There have been several approaches for overcoming this issue.2,3,4,5,6,7,8,9 Gygi and coworkers used a relatively large mass tolerance (50 ppm) for the first database search and subsequently subjected the search results to more stringent filtering (8 ppm).4 This approach significantly reduced the false positive (FP) rate with only a minimal loss of peptide information. They also showed that accurate determination of precursor mass increased the number of phosphopeptide identification5 and improved the accuracy in stable-isotope-based quantitation.6 Similar results were obtained using a low resolution ion trap, but utilizing zoom scans in the data acquisition method.7 Mann and co-worker described MaxQuant, which collectively considers peptide features as three-dimensional objects in m/z, elution time, and peak intensity, and determines accurate monoisotopic masses for the peptide features by calculating intensity-weighted averages of all MS peak centroids in the three-dimensional objects.8 By applying this method to high resolution Orbitrap data, mass accuracy in the sub-ppm range was achieved, greatly reducing the 1-Da problem. DeconMSn performs THRASH deisotoping to provide better precursor masses, and was shown to effectively reduce incorrect monoisotopic peak assignments. Additionally, DeconMSn performs a summation of MS spectra over the retention time period to provide isotopic distributions with better signal-to-noise ratios.9 It was also demonstrated that the use of summed spectra resulted in improved mass accuracies, along with an increased number of identified peptides over conventional Extract_MSn generation of DTAs. An independent approach, encoded in the software DtaRefinery10,11, was demonstrated to eliminate systematic errors associated with monoisotopic masses of peptide identifications by using partial knowledge of peptide identifications and multiple regressions for mass accuracy dependencies on different experimental parameters.
PE-MMR was developed to provide accurate assignment of precursor masses to tandem mass spectrometry data.1 It first deisotopes every MS feature in the MS dataset using the THRASH algorithm12 and clusters the MS features of similar monoisotopic mass (within 10 ppm), but different LC elution times (defined by chromatographic peak width) into an unique mass class (UMC). 13 PE-MMR then uses Extract_MSn to generate MS/MS data (DTA files). It subsequently calculates neutral precursor masses from the MS/MS data (i.e. from [M+H]+ mass of DTA files) and performs subtraction of multiples of 1.00235 Da, up to three times.1 PE-MMR uses the resultant four possible precursor masses to find matches with the UMC mass, as calculated by intensity-weighted averaging of monoisotopic masses of component MS features in each UMC. When matches are found, PE-MMR replaces the precursor masses of the MS/MS data with UMC masses.

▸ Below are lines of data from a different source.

definition matching :: "('a, 'f) tgraph \<Rightarrow> ('b, 'f) tgraph \<Rightarrow> ('a \<Rightarrow> 'b) \<Rightarrow> ('b \<Rightarrow> 'a option) \<Rightarrow>
    ('g, 'f) tgraph \<Rightarrow> ('a \<Rightarrow> 'g) \<Rightarrow> bool" where
  "matching L R \<tau> \<sigma> G m \<longleftrightarrow> graph_hom L G m \<and>
     (\<forall>p\<in>nodes L. \<forall>p'\<in>nodes L. p \<noteq> p' \<and> m p = m p' \<longrightarrow>
        \<tau> p \<in> dom \<sigma> \<and> \<tau> p' \<in> dom \<sigma> \<and> \<sigma> (\<tau> p) = \<sigma> (\<tau> p'))"

definition cloning_cone :: "('f \<Rightarrow> nat) \<Rightarrow> ('a, 'f) tgraph \<Rightarrow> ('b, 'f) tgraph \<Rightarrow> ('a \<Rightarrow> 'b) \<Rightarrow>
    ('b \<Rightarrow> 'a option) \<Rightarrow> ('g, 'f) tgraph \<Rightarrow> ('a \<Rightarrow> 'g) \<Rightarrow>
    ('h, 'f) tgraph \<Rightarrow> ('g \<Rightarrow> 'h) \<Rightarrow> ('b \<Rightarrow> 'h) \<Rightarrow> ('h \<Rightarrow> 'g option) \<Rightarrow> bool" where
  "cloning_cone ar L R \<tau> \<sigma> G m H \<tau>1 d \<sigma>1 \<longleftrightarrow>
     rewrite_rule ar G H \<tau>1 \<sigma>1 \<and> rule_morphism L R \<tau> \<sigma> G H \<tau>1 \<sigma>1 m d \<and>
     (\<forall>n\<in>nodes G - m ` nodes L. graphic_at G H \<tau>1 n) \<and>
     (\<forall>n1\<in>dom \<sigma>1. is_clone G H \<tau>1 n1 (the (\<sigma>1 n1)))"

definition cone_morphism :: "('a, 'f) tgraph \<Rightarrow> ('b, 'f) tgraph \<Rightarrow> ('g, 'f) tgraph \<Rightarrow>
    ('h, 'f) tgraph \<Rightarrow> ('g \<Rightarrow> 'h) \<Rightarrow> ('b \<Rightarrow> 'h) \<Rightarrow> ('h \<Rightarrow> 'g option) \<Rightarrow>
    ('k, 'f) tgraph \<Rightarrow> ('g \<Rightarrow> 'k) \<Rightarrow> ('b \<Rightarrow> 'k) \<Rightarrow> ('k \<Rightarrow> 'g option) \<Rightarrow> ('h \<Rightarrow> 'k) \<Rightarrow> bool" where
  "cone_morphism L R G H \<tau>1 d \<sigma>1 H' \<tau>1' d' \<sigma>1' h \<longleftrightarrow> graph_hom H H' h \<and>
     (\<forall>x\<in>nodes G. h (\<tau>1 x) = \<tau>1' x) \<and> (\<forall>x\<in>nodes R. h (d x) = d' x) \<and>
     h ` dom \<sigma>1 \<subseteq> dom \<sigma>1' \<and> (\<forall>n\<in>dom \<sigma>1. \<sigma>1' (h n) = \<sigma>1 n)"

By considering possibilities of selecting an incorrect isotopic mass (i.e. by considering original mass and −1/−2/−3 Da subtracted masses), and using experimentally observed mass information from a UMC, instead of using mass information from a single spectrum to represent the mass of a peptide, it demonstrated an effective solution to the 1-Da problem in many cases, as well as improvements in mass measurement accuracy for identified peptides.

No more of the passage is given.